START Source information

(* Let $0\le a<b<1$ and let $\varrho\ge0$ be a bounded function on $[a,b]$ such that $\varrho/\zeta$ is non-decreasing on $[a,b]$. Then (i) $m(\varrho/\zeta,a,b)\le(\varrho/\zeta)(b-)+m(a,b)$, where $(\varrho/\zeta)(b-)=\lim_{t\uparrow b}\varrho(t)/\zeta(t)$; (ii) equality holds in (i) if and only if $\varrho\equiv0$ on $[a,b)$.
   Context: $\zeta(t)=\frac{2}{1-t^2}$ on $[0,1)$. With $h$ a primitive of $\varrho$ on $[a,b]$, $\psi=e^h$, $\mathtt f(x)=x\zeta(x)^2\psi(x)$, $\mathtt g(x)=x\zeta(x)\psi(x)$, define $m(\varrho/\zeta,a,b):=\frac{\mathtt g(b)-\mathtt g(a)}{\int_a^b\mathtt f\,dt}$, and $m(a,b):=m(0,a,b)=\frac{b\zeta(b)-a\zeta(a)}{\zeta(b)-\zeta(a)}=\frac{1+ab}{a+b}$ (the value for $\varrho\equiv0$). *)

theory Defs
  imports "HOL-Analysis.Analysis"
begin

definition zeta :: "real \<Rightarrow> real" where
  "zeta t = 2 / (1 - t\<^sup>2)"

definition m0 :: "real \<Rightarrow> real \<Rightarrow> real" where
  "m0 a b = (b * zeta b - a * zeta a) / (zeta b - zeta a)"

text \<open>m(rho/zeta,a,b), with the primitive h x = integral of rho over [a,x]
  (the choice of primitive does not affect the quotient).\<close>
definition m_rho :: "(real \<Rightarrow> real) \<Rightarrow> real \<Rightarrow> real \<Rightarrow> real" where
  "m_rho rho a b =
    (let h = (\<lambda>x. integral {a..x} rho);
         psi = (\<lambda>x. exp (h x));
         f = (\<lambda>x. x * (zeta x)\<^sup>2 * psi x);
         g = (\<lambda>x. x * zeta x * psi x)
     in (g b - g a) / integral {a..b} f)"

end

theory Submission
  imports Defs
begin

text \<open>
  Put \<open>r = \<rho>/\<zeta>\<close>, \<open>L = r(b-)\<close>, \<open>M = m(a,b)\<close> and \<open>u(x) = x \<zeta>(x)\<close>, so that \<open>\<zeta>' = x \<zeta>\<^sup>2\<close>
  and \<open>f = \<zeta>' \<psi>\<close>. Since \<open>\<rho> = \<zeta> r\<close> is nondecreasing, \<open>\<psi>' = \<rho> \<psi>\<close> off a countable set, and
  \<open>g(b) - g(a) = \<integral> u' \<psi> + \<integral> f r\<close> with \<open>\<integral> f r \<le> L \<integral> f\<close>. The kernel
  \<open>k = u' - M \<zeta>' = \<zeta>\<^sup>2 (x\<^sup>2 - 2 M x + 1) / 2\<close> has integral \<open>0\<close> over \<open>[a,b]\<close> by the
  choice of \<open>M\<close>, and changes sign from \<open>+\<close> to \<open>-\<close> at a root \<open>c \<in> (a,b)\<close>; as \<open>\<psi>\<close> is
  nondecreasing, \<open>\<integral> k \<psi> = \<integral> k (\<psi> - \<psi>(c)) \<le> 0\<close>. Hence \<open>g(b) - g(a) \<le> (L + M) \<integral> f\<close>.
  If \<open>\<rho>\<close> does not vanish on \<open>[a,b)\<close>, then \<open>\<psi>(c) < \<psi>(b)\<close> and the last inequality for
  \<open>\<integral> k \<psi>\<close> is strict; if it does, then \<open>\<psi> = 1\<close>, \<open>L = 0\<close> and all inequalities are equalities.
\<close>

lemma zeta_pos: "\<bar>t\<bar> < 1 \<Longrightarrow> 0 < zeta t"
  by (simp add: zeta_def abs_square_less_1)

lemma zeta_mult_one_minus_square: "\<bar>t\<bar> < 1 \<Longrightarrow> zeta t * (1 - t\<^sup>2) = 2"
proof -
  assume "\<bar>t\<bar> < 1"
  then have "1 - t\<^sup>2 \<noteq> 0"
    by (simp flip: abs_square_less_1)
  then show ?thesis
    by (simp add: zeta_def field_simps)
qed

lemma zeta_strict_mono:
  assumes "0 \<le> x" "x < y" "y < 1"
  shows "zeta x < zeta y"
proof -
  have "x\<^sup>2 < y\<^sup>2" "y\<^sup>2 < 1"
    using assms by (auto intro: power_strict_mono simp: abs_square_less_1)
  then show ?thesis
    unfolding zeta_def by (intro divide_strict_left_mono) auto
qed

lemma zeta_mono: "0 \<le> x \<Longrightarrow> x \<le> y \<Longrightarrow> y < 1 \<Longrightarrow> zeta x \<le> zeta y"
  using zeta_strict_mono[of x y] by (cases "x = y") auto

END Source information
START Source information

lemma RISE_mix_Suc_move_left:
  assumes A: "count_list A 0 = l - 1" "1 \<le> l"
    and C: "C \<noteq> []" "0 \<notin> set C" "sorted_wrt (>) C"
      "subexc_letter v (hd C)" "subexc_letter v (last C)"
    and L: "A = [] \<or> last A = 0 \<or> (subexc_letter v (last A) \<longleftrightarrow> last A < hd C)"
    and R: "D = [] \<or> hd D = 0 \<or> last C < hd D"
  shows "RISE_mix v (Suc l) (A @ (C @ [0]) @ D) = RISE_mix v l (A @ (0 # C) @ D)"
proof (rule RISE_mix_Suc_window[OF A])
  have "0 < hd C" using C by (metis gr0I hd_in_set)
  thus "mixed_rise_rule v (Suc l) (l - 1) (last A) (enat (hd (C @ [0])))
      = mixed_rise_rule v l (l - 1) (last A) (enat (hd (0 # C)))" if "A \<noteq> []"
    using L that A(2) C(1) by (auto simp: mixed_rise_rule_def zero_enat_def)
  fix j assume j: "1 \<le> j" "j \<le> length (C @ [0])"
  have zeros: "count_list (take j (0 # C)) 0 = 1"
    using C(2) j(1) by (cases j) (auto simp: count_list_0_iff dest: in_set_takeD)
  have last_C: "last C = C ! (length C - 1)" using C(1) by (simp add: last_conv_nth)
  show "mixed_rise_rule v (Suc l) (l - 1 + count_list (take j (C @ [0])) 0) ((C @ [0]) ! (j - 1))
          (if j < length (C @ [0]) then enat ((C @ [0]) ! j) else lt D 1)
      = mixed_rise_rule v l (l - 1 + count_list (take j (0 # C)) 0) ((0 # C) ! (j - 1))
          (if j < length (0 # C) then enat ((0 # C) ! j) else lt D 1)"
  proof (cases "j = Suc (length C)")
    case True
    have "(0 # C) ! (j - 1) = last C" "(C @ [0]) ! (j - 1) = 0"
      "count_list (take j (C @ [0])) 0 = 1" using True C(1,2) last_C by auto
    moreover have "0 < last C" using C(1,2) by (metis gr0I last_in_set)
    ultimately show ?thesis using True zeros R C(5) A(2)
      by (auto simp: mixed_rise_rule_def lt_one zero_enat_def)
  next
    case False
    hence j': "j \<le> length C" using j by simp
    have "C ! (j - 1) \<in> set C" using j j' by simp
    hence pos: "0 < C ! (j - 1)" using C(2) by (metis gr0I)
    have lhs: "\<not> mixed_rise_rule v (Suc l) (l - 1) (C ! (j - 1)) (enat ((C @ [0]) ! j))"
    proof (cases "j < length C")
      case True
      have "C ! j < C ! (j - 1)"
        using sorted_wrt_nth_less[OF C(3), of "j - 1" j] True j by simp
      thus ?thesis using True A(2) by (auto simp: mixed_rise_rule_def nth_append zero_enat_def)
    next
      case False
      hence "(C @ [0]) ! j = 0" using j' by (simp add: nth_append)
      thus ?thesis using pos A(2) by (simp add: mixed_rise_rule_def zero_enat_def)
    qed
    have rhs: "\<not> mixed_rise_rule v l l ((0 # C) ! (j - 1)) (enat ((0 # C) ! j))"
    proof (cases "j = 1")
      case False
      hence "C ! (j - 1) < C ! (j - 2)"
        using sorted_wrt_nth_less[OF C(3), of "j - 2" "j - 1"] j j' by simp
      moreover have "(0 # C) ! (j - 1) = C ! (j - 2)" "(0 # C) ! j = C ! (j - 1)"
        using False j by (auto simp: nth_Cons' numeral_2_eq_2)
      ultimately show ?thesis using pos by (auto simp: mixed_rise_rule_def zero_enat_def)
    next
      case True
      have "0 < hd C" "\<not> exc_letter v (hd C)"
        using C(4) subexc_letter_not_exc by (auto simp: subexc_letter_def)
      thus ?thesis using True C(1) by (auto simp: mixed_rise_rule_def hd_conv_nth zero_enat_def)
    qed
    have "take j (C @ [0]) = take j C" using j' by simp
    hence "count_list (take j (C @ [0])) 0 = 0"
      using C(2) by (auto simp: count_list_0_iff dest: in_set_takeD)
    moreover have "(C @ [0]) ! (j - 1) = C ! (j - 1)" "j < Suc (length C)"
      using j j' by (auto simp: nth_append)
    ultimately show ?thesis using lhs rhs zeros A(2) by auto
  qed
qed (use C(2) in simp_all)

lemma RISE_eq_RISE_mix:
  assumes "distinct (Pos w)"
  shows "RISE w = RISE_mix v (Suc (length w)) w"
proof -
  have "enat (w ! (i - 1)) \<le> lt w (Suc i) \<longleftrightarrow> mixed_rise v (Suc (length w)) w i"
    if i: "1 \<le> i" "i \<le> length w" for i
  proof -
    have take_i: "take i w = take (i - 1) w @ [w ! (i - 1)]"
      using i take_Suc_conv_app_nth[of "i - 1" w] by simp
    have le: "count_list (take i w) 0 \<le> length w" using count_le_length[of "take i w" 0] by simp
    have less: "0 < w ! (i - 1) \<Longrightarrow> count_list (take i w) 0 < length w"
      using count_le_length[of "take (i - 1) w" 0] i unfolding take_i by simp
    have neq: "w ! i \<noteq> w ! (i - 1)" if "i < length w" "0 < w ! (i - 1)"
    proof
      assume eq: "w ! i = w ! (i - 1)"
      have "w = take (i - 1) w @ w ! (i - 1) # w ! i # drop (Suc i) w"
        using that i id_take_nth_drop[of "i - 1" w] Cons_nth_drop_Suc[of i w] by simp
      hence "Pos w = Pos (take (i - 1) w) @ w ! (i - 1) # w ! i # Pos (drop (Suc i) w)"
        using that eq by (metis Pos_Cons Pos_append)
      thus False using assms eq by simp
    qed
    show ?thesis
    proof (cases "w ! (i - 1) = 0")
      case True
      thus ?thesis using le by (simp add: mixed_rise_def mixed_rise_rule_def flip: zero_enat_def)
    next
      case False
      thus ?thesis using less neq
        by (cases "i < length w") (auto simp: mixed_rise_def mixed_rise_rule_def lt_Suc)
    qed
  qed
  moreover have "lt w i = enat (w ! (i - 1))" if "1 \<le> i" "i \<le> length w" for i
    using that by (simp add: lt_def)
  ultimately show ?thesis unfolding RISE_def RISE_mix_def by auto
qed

END Source information

Task -> Locate the word "shows" in the data above. Copy every line carrying it.

Task output ->
  shows "zeta x < zeta y"
  shows "RISE_mix v (Suc l) (A @ (C @ [0]) @ D) = RISE_mix v l (A @ (0 # C) @ D)"
  shows "RISE w = RISE_mix v (Suc (length w)) w"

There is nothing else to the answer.